### What needs to be done
Give again, word for word, each line below starting at the one that contains "with $a_0\neq 0$" and ending at the one that contains "(\<exists>\<alpha> \<beta>. \<alpha>".

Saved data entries
_ _ _ _ _ _ _
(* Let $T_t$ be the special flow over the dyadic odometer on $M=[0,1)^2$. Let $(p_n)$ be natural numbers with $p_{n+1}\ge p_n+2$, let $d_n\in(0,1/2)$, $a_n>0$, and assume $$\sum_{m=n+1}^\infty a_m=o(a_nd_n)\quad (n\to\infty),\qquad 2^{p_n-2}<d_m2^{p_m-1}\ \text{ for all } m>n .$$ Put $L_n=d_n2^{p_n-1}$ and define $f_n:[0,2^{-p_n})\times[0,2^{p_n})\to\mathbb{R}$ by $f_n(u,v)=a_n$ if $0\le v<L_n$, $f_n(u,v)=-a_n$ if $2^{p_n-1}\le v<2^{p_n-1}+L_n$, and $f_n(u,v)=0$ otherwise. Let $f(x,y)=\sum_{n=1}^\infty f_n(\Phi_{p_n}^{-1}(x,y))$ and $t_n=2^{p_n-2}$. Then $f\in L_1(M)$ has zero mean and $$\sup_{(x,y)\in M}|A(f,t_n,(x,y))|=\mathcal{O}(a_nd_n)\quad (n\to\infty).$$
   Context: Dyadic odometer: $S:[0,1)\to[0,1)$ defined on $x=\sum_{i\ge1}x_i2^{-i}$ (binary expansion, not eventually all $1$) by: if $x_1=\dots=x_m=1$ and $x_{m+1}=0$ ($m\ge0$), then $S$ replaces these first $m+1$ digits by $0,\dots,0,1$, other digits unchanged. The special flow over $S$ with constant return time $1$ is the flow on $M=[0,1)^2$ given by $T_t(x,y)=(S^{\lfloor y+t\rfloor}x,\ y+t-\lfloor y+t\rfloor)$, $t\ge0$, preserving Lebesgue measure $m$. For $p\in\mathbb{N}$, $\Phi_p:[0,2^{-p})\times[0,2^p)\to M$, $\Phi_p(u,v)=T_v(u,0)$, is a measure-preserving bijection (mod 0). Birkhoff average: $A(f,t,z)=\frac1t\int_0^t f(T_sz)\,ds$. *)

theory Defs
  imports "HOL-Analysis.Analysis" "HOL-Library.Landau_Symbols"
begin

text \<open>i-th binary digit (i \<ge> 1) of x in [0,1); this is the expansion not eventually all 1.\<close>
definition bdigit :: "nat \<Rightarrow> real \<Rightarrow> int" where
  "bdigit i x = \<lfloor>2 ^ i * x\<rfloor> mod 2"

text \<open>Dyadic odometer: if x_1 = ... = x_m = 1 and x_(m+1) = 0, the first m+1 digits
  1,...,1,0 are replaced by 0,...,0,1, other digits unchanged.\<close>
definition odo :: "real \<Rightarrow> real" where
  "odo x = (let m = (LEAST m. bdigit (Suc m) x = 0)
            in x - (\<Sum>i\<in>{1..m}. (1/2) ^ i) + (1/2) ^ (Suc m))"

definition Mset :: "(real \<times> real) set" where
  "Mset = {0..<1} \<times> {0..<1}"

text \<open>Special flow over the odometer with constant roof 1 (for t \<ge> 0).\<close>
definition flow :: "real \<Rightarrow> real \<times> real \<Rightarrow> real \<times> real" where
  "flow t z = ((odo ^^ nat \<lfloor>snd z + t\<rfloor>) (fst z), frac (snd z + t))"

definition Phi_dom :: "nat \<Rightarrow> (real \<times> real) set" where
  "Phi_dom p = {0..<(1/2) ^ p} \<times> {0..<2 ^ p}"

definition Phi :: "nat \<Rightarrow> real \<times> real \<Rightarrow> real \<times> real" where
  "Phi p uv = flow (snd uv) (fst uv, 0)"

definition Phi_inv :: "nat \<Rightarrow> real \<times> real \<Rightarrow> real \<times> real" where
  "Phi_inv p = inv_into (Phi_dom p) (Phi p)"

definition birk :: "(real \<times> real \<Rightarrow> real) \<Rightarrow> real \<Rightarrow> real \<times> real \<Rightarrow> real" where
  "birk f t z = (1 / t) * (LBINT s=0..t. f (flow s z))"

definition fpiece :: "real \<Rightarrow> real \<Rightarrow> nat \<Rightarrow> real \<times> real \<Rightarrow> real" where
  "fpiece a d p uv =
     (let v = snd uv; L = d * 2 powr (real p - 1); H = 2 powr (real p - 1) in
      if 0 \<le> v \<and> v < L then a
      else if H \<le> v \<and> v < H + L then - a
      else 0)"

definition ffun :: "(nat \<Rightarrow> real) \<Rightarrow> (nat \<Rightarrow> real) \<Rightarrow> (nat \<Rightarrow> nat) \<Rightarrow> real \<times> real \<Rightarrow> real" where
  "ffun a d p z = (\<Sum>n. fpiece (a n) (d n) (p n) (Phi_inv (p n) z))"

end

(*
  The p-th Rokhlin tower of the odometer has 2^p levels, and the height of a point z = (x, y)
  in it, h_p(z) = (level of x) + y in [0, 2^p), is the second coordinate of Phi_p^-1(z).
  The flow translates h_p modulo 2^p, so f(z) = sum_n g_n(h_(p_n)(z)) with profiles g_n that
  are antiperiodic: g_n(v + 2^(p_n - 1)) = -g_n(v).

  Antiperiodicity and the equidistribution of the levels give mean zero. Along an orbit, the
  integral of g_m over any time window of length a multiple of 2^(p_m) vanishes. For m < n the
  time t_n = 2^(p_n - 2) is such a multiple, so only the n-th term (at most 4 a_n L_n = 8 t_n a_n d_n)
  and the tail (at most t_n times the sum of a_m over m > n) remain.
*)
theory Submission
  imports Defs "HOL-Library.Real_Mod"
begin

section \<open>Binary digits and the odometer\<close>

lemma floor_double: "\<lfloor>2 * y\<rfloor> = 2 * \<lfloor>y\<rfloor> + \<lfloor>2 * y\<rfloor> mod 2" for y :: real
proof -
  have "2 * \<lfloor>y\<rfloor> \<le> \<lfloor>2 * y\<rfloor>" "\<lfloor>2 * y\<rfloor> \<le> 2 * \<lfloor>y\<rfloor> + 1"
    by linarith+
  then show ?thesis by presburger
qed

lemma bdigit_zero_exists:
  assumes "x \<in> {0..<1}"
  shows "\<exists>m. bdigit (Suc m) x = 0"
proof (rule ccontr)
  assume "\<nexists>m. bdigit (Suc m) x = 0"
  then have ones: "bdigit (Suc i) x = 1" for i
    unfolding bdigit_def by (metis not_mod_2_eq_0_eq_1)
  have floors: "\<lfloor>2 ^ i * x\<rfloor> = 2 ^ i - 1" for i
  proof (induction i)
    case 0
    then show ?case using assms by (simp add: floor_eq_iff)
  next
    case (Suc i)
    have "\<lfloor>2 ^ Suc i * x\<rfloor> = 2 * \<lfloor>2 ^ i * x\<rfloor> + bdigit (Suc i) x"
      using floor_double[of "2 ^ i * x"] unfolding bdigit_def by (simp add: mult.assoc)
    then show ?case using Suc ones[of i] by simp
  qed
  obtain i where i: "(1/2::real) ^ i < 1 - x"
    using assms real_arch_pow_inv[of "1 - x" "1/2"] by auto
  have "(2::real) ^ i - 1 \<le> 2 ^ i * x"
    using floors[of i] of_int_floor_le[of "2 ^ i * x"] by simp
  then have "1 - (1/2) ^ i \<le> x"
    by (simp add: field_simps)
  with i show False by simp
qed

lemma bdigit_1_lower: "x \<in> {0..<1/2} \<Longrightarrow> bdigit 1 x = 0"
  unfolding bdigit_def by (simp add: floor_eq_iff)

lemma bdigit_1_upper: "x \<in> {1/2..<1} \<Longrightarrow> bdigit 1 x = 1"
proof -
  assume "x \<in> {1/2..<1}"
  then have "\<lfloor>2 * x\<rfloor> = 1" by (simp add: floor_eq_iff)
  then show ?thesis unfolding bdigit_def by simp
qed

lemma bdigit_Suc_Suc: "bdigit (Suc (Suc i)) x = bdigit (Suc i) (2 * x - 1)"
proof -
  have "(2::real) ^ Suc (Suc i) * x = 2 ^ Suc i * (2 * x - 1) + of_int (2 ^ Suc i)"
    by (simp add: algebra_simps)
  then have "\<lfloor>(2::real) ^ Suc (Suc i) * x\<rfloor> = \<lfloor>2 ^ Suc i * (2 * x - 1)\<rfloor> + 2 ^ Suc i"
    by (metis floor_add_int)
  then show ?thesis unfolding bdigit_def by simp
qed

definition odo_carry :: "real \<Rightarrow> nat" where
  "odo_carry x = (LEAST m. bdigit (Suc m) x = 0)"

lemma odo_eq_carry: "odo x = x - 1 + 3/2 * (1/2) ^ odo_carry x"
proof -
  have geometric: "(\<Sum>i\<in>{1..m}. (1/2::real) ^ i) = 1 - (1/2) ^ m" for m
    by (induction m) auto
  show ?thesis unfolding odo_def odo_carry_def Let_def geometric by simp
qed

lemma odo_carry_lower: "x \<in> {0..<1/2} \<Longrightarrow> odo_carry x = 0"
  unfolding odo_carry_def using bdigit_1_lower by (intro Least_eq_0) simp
_ _ _ _ _ _ _
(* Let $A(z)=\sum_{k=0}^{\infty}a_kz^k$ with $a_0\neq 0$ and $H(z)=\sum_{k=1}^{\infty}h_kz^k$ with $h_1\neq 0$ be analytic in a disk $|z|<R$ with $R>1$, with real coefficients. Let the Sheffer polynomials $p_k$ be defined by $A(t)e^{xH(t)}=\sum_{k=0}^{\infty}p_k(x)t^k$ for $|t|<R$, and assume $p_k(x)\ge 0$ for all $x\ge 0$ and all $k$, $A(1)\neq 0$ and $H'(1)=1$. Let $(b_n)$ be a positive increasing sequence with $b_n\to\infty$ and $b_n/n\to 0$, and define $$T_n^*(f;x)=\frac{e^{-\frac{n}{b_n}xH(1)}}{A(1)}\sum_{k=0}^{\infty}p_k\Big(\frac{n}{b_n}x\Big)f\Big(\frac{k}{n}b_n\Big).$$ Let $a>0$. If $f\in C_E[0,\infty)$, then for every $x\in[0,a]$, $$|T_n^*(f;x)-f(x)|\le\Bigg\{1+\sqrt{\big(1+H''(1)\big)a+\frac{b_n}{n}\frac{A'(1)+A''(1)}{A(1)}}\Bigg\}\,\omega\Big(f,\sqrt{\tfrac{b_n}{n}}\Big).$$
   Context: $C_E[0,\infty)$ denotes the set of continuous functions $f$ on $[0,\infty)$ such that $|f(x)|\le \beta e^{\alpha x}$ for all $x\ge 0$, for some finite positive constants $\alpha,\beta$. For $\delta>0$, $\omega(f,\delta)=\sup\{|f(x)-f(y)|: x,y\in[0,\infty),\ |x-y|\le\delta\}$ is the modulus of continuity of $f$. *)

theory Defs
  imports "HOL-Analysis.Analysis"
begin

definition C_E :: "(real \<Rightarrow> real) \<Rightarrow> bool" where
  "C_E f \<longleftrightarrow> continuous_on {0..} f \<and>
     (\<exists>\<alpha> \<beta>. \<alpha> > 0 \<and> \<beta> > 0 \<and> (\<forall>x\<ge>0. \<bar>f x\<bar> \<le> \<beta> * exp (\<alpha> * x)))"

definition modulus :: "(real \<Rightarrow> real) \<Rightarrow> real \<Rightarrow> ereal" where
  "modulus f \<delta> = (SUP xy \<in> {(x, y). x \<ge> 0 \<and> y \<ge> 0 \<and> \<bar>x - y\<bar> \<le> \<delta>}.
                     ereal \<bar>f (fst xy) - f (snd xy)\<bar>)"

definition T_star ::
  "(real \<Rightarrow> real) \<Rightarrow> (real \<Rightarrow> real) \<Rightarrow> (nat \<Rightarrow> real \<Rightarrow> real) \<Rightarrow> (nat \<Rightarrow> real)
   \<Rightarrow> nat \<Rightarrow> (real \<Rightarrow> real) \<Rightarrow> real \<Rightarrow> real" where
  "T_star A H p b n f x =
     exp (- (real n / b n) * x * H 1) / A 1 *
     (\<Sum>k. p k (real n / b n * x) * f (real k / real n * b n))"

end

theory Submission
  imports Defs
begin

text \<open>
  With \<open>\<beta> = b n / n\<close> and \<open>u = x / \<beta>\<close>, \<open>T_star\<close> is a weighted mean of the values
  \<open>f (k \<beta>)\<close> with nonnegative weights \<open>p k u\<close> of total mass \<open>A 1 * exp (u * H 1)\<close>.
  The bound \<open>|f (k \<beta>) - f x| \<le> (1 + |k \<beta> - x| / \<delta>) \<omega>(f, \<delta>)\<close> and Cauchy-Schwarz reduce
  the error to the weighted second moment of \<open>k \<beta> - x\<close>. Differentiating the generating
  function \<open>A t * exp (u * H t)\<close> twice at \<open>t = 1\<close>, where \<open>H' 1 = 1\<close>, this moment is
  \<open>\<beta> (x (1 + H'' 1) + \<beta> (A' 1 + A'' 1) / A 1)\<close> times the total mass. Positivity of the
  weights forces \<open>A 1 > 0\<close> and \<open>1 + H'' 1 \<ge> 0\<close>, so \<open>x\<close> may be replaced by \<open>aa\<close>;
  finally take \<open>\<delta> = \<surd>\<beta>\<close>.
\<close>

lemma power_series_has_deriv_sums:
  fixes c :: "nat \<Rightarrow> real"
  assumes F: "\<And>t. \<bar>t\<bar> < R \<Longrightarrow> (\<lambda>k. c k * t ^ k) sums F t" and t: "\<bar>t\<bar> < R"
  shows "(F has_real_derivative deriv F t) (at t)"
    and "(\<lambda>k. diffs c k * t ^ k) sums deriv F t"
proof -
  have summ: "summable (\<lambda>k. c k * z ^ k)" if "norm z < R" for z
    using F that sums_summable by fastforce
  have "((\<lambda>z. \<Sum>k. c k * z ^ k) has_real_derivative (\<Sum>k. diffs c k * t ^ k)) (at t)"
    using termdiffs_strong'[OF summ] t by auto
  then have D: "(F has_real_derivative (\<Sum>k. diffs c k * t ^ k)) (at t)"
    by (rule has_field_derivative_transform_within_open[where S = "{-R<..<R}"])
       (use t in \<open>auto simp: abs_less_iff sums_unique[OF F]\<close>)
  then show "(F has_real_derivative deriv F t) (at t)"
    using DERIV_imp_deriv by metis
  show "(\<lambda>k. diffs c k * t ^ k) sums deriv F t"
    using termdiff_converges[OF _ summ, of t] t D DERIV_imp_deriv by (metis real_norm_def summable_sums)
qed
_ _ _ _ _ _ _
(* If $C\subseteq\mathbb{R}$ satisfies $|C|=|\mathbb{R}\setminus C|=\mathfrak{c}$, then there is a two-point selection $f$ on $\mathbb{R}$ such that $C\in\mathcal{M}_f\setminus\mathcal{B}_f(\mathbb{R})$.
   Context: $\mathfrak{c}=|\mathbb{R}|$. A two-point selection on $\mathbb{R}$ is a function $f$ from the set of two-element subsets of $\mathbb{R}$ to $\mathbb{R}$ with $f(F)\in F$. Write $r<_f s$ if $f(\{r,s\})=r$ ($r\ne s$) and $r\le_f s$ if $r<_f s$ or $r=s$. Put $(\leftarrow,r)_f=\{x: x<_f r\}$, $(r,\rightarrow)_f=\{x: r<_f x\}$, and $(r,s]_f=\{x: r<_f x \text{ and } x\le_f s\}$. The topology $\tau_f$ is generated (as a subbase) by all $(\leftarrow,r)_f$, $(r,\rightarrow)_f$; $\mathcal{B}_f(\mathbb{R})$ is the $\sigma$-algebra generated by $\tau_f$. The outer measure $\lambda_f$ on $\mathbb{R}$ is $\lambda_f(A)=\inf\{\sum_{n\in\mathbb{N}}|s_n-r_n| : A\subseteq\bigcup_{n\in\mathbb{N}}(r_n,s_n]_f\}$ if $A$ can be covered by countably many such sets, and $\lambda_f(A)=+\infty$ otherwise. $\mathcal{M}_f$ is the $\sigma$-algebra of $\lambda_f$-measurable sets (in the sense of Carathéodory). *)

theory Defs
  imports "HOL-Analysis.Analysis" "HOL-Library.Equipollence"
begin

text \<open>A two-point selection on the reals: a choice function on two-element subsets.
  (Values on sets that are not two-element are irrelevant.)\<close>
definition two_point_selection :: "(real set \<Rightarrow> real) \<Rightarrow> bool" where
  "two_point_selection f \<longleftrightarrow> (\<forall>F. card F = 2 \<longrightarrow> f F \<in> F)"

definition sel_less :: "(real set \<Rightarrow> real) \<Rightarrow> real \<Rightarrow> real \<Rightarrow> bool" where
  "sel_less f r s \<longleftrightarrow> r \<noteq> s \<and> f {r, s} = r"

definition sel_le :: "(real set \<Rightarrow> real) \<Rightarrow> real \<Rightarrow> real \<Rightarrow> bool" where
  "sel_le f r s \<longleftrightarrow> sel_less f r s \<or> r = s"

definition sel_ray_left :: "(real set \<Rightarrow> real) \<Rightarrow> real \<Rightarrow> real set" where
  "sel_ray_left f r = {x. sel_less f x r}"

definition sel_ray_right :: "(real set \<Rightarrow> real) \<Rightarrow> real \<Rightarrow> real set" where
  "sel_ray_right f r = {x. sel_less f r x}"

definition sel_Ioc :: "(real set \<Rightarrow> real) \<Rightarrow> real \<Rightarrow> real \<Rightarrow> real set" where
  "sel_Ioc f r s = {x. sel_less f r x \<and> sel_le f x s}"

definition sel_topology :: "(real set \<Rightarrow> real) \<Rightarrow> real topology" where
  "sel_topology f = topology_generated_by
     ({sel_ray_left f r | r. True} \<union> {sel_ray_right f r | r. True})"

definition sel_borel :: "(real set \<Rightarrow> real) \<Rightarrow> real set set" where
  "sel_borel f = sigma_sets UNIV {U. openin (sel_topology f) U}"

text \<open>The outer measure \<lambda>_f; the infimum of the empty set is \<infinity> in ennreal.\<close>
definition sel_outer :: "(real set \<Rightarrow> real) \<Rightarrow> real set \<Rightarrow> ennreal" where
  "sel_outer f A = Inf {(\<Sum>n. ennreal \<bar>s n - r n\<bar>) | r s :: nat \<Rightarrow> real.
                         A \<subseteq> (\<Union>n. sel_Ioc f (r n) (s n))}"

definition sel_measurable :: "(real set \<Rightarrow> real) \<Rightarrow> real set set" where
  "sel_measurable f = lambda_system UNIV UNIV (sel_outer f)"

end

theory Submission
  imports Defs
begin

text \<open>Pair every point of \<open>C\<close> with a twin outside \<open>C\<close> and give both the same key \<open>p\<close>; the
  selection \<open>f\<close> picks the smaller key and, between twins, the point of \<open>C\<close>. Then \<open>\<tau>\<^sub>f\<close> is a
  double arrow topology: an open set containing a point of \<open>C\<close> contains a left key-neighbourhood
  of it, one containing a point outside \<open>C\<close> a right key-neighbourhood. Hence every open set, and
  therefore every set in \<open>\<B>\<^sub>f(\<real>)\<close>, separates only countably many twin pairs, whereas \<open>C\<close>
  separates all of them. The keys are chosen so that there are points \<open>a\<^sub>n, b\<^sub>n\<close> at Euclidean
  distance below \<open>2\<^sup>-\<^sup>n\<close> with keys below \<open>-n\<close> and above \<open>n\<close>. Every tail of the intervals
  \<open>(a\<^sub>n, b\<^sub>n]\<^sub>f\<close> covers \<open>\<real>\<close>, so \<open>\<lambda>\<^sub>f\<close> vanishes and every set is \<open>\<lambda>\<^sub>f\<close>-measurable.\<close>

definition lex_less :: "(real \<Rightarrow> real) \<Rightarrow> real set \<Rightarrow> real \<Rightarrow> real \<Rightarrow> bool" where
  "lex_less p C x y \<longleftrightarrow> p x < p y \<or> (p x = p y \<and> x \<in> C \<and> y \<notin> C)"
_ _ _ _ _ _ _
### Output for this task
(* Let $A(z)=\sum_{k=0}^{\infty}a_kz^k$ with $a_0\neq 0$ and $H(z)=\sum_{k=1}^{\infty}h_kz^k$ with $h_1\neq 0$ be analytic in a disk $|z|<R$ with $R>1$, with real coefficients. Let the Sheffer polynomials $p_k$ be defined by $A(t)e^{xH(t)}=\sum_{k=0}^{\infty}p_k(x)t^k$ for $|t|<R$, and assume $p_k(x)\ge 0$ for all $x\ge 0$ and all $k$, $A(1)\neq 0$ and $H'(1)=1$. Let $(b_n)$ be a positive increasing sequence with $b_n\to\infty$ and $b_n/n\to 0$, and define $$T_n^*(f;x)=\frac{e^{-\frac{n}{b_n}xH(1)}}{A(1)}\sum_{k=0}^{\infty}p_k\Big(\frac{n}{b_n}x\Big)f\Big(\frac{k}{n}b_n\Big).$$ Let $a>0$. If $f\in C_E[0,\infty)$, then for every $x\in[0,a]$, $$|T_n^*(f;x)-f(x)|\le\Bigg\{1+\sqrt{\big(1+H''(1)\big)a+\frac{b_n}{n}\frac{A'(1)+A''(1)}{A(1)}}\Bigg\}\,\omega\Big(f,\sqrt{\tfrac{b_n}{n}}\Big).$$
   Context: $C_E[0,\infty)$ denotes the set of continuous functions $f$ on $[0,\infty)$ such that $|f(x)|\le \beta e^{\alpha x}$ for all $x\ge 0$, for some finite positive constants $\alpha,\beta$. For $\delta>0$, $\omega(f,\delta)=\sup\{|f(x)-f(y)|: x,y\in[0,\infty),\ |x-y|\le\delta\}$ is the modulus of continuity of $f$. *)

theory Defs
  imports "HOL-Analysis.Analysis"
begin

definition C_E :: "(real \<Rightarrow> real) \<Rightarrow> bool" where
  "C_E f \<longleftrightarrow> continuous_on {0..} f \<and>
     (\<exists>\<alpha> \<beta>. \<alpha> > 0 \<and> \<beta> > 0 \<and> (\<forall>x\<ge>0. \<bar>f x\<bar> \<le> \<beta> * exp (\<alpha> * x)))"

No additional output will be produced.